Reject $H_0$, in favor of $H_1$ if $\overline{X}\gt c$, where $c$ is to be determined.

Step Three:

Find $c$.

\[\begin{align} \alpha&=P(\text{Type I Error})\\ &=P(\text{Reject $H_0$ when true})\\ &=P(\overline{X}\gt c\text{ when }\mu\le\mu_0)\\ &= \quad\color{red}? \end{align}\]

The definitions we have used for $\alpha$ and $\beta$ are for simple hypotheses only.

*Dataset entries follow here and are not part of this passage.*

lemma consecutive_gap_nonneg:
  "a \<in> A \<Longrightarrow> b \<in> A \<Longrightarrow> r b = r a + 1 \<Longrightarrow> 0 \<le> (\<Sum>z\<in>A - {a, b}. v a z - v b z)"
  using consecutive_preference_le(1) by (intro sum_nonneg) auto

lemma consecutive_mean_score_le:
  assumes a: "a \<in> A" and b: "b \<in> A" and succ: "r b = r a + 1"
  shows "mean_score A v b \<le> mean_score A v a"
proof -
  have ab: "a \<noteq> b" using succ by auto
  have "0 \<le> margin v a b + (\<Sum>z\<in>A - {a, b}. v a z - v b z)"
    using consecutive_margin_nonneg[OF a b succ] consecutive_gap_nonneg[OF a b succ] by linarith
  then have "0 \<le> (real (card A) - 1) * (mean_score A v a - mean_score A v b)"
    by (simp add: mean_score_diff[OF finite_A a b ab])
  moreover have "real (card A) - 1 > 0" using real_card_Diff_two[OF finite_A a b ab] by linarith
  ultimately show ?thesis by (simp add: zero_le_mult_iff)
qed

  • The level of significance or “size” of a test is denoted by $\alpha$ and is defined by
\[\begin{align} \alpha&=\text{max}P(\text{Type I Error})\\ &=\underset{\mu\in H_0}{\text{max}}P(\text{Reject $H_0$};\mu)\\ \beta&=\text{max}P(\text{Type II Error})\\ &=\underset{\mu\in H_1}{\text{max}}P(\text{Fail to Reject $H_0$};\mu) \end{align}\] Definitions
  • $1-\beta$ is known as the power of the test

    \[\begin{align} 1-\beta&=1-\underset{\mu\in H_1}{\text{max}}P(\text{Fail to Reject $H_0$};\mu)\\ &= \underset{\mu\in H_1}{\text{min}}\bigg(1 - P(\text{Fail to Reject $H_0$};\mu)\bigg)\\ &=\underset{\mu\in H_1}{\text{min}}P(\text{Reject }H_0;\mu) \end{align}\]
  • $\beta$ is the probability making a Type II error, really the maximum. This mean the null hypothesis is false and we are failing to reject it. So $1 - P(\text{Fail to reject $H_0$})$ is its compliment, and that is the probability we do reject the hypothesis. That mean we want $1-\beta$ to be large ($\beta$ was a particular error, so we certainly want that to be small). and that $1-\beta$ is called power of the test. So we can say high power is good!